Cytopenia of all three cell lines (erythrocytes, platelets, granulocytes) develops clinically with symptoms of anemia, clotting disorders and susceptibility to infection. All other lymphatic or non-lymphatic organs (lymph nodes, spleen, testicles, liver, skin, bones) may also be affected. Lymph node enlargements, hepatosplenomegaly, joint and bone pain are the result. Using immunological classification, the disease can be divided into two major groups: B-cell type and T-cell type. 25% of the disease occurs in adulthood and 15% in children and adolescents, in which these is a differentiation of the subtypes with early, thymic (cortical) and mature types of the disease.
Characteristic of the disease are the typicaƶ features of normal T lymphocytes on the cell surface of the lymphoblasts. Relatively often, there is a mediastinal tumor that can lead to specific ailments, such as dyspnea and upper-flow congestion.

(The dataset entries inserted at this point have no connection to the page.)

lemma length_civl_powers [simp]: "length (civl_powers s Z W n) = n"
  by (induction n arbitrary: W) auto

lemma in_civl_powers:
  assumes s: "0 < s" and z: "in_civl s z Z"
  shows "in_civl s w W \<Longrightarrow> k < n \<Longrightarrow> in_civl s (w * z ^ k) (civl_powers s Z W n ! k)"
proof (induction n arbitrary: w W k)
  case (Suc n)
  have "in_civl s (w * z) (civl_mult s W Z)" by (rule in_civl_mult[OF s Suc.prems(1) z])
  from Suc.IH[OF this] Suc.prems show ?case by (cases k) (simp_all add: mult.assoc)
qed simp

definition in_civl_vec :: "int \<Rightarrow> complex vec \<Rightarrow> (ivl \<times> ivl) list \<Rightarrow> bool" where
  "in_civl_vec s v Zs \<longleftrightarrow> dim_vec v = length Zs \<and> (\<forall>i<length Zs. in_civl s (v $ i) (Zs ! i))"

lemma in_civl_vec_powers:
  assumes "0 < s" "in_civl s z Z"
  shows "in_civl_vec s (vec n (\<lambda>k. z ^ k)) (civl_powers s Z ((s, s), (0, 0)) n)"
proof -
  have "in_civl s 1 ((s, s), (0, 0))" by (simp add: in_civl_def in_ivl_def)
  from in_civl_powers[OF assms this] show ?thesis by (simp add: in_civl_vec_def)
qed

definition civl_mat_vec :: "int list list \<Rightarrow> (ivl \<times> ivl) list \<Rightarrow> (ivl \<times> ivl) list" where
  "civl_mat_vec A Zs = map (\<lambda>r. (ivl_lincomb r (map fst Zs), ivl_lincomb r (map snd Zs))) A"

lemma in_civl_vec_mat_vec:
  assumes A: "rows_shape n m A" and v: "in_civl_vec s v Zs" and m: "length Zs = m"
  shows "in_civl_vec s (map_mat of_int (mat_of_rows_list m A) *\<^sub>v v) (civl_mat_vec A Zs)"
  unfolding in_civl_vec_def
proof (intro conjI allI impI)
  show "dim_vec (map_mat of_int (mat_of_rows_list m A) *\<^sub>v v) = length (civl_mat_vec A Zs)"
    using A by (simp add: civl_mat_vec_def mat_of_rows_list_def rows_shape_def)
  fix i assume "i < length (civl_mat_vec A Zs)"
  then have i: "i < n" and r: "length (A ! i) = m"
    using A by (auto simp: civl_mat_vec_def rows_shape_def)
  have entry:
    "(map_mat of_int (mat_of_rows_list m A) *\<^sub>v v) $ i = (\<Sum>k<m. of_int (A ! i ! k) * v $ k)"
    using A i v m by (simp add: mat_of_rows_list_def rows_shape_def in_civl_vec_def scalar_prod_def
        atLeast0LessThan mult.commute)
  have "in_ivl s (\<Sum>k<m. of_int (A ! i ! k) * Re (v $ k)) (ivl_lincomb (A ! i) (map fst Zs))"
    and "in_ivl s (\<Sum>k<m. of_int (A ! i ! k) * Im (v $ k)) (ivl_lincomb (A ! i) (map snd Zs))"
    using in_ivl_lincomb[of "A ! i" "map fst Zs" s "\<lambda>k. Re (v $ k)"]
      in_ivl_lincomb[of "A ! i" "map snd Zs" s "\<lambda>k. Im (v $ k)"] v m r
    by (auto simp: in_civl_vec_def in_civl_def)
  then show "in_civl s ((map_mat of_int (mat_of_rows_list m A) *\<^sub>v v) $ i) (civl_mat_vec A Zs ! i)"
    using i A by (simp add: entry in_civl_def civl_mat_vec_def rows_shape_def Re_sum Im_sum)
qed

definition ivl_hermitian_form :: "int \<Rightarrow> int list list \<Rightarrow> (ivl \<times> ivl) list \<Rightarrow> ivl" where
  "ivl_hermitian_form s G Zs = (let Ws = civl_mat_vec G Zs in
     ivl_add (ivl_dot s (map fst Zs) (map fst Ws)) (ivl_dot s (map snd Zs) (map snd Ws)))"

lemma in_ivl_hermitian_form:
  assumes s: "0 < s" and G: "rows_shape n n G" and v: "in_civl_vec s v Zs" and n: "length Zs = n"
  shows "in_ivl s (Re (v \<bullet> (map_mat of_int (mat_of_rows_list n G) *\<^sub>v map_vec cnj v)))
    (ivl_hermitian_form s G Zs)"
proof -
  define u where "u = map_mat of_int (mat_of_rows_list n G) *\<^sub>v v"
  define Ws where "Ws = civl_mat_vec G Zs"
  have u: "in_civl_vec s u Ws" unfolding u_def Ws_def by (rule in_civl_vec_mat_vec[OF G v n])
  have lens: "length Ws = n" using G by (simp add: Ws_def civl_mat_vec_def rows_shape_def)
  have encl: "in_civl s (v $ k) (Zs ! k) \<and> in_civl s (u $ k) (Ws ! k)" if "k < n" for k
    using that v u n lens unfolding in_civl_vec_def by metis
  have "in_ivl s (\<Sum>k<n. Re (v $ k) * Re (u $ k)) (ivl_dot s (map fst Zs) (map fst Ws))"
    using in_ivl_dot[OF s, of "map fst Zs" "map fst Ws" "\<lambda>k. Re (v $ k)" "\<lambda>k. Re (u $ k)"]
      encl n lens by (simp add: in_civl_def)
  moreover have "in_ivl s (\<Sum>k<n. Im (v $ k) * Im (u $ k)) (ivl_dot s (map snd Zs) (map snd Ws))"
    using in_ivl_dot[OF s, of "map snd Zs" "map snd Ws" "\<lambda>k. Im (v $ k)" "\<lambda>k. Im (u $ k)"]
      encl n lens by (simp add: in_civl_def)
  moreover have "v \<in> carrier_vec n" using v n unfolding in_civl_vec_def by (metis carrier_vecI)
  ultimately show ?thesis
    using Re_hermitian_form[of v n "mat_of_rows_list n G"] mat_of_rows_list_carrier[OF G]
    unfolding ivl_hermitian_form_def Let_def u_def[symmetric] Ws_def[symmetric]
    by (simp add: sum.distrib in_ivl_add)
qed

lemma in_ivl_pos:
  assumes "0 < s" "in_ivl s x I" "0 < fst I"
  shows "0 < x"
proof -
  have "0 < x * of_int s" using assms(2,3) unfolding in_ivl_def by (smt (verit) of_int_pos)
  then show ?thesis using assms(1) by (simp add: zero_less_mult_iff)
qed

section \<open>The automorphism and the period\<close>

definition phi14_coeffs :: "int list" where
  "phi14_coeffs = [1, 0, 0, -1, -1, 0, 0, 1, 0, 0, -1, -1, 0, 0, 1]"

lemma coeff_phi14: "coeff phi14 = nth_default 0 phi14_coeffs"
  by (simp only: phi14_def phi14_coeffs_def coeff_Poly_eq)

lemma degree_phi14: "degree phi14 = 14"
  by (simp add: phi14_def)

lemma monic_phi14: "monic phi14"
  by (simp add: degree_phi14 coeff_phi14 phi14_coeffs_def nth_default_def)

lemma monic_of_int_phi14: "monic (map_poly (of_int :: int \<Rightarrow> 'a::{comm_ring_1, ring_char_0}) phi14)"
  using monic_phi14 by (simp add: coeff_map_poly)

text \<open>Computer-found integral certificates; the properties used are checked by evaluation below.\<close>

definition F14_rows :: "int list list" where
  "F14_rows =
    [[311, -136, -140, 433, -371, -151, -79, 264, 12, 34, -49, -85, 182, 1026],
     [469, -205, -210, 653, -558, -225, -125, 396, 18, 52, -70, -123, 275, 1553],
     [686, -301, -306, 955, -815, -328, -185, 578, 27, 77, -100, -178, 402, 2275],
     [571, -251, -255, 796, -679, -273, -155, 482, 23, 64, -83, -148, 335, 1896],
     [251, -111, -109, 348, -294, -114, -80, 207, 12, 30, -28, -56, 147, 843],
     [113, -50, -48, 155, -129, -48, -42, 91, 6, 14, -8, -20, 66, 383],
     [46, -20, -20, 64, -53, -20, -17, 37, 3, 6, -3, -9, 27, 157],
     [411, -180, -185, 573, -490, -201, -104, 349, 15, 45, -65, -112, 241, 1357],
     [-5, 2, 3, -7, 6, 3, 0, -5, 1, 0, 2, 2, -3, -14],
     [-17, 8, 6, -21, 18, 7, 5, -13, 1, 0, 2, 2, -10, -51],
     [51, -22, -25, 72, -63, -29, -5, 46, 0, 4, -14, -20, 30, 159],
     [32, -13, -17, 47, -42, -21, 0, 31, 1, 3, -11, -16, 19, 103],
     [-463, 203, 211, -647, 558, 232, 105, -400, -15, -49, 82, 137, -272, -1519],
     [-87, 38, 40, -122, 105, 44, 19, -75, -3, -9, 16, 26, -51, -285]]"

If there is no bone marrow involvement or the proportion of leukemia cells in bone marrow is below 25%, but lymph node T-ALL cells can be detected, it is a case of a T-lymphoblastic lymphoma.
The exact causes of a disease are not fully understood, but various risk factors are discussed: exposure to radioactive and certain chemical agents, treatment with certain cytotoxic agents and viral infections.
A special case here is the adult T-cell leukemia, which is triggered by an infection with the retrovirus HTLV-1 but occurs almost exclusively in Japan.
The prognosis in patients with the disease is generally rather unfavorable.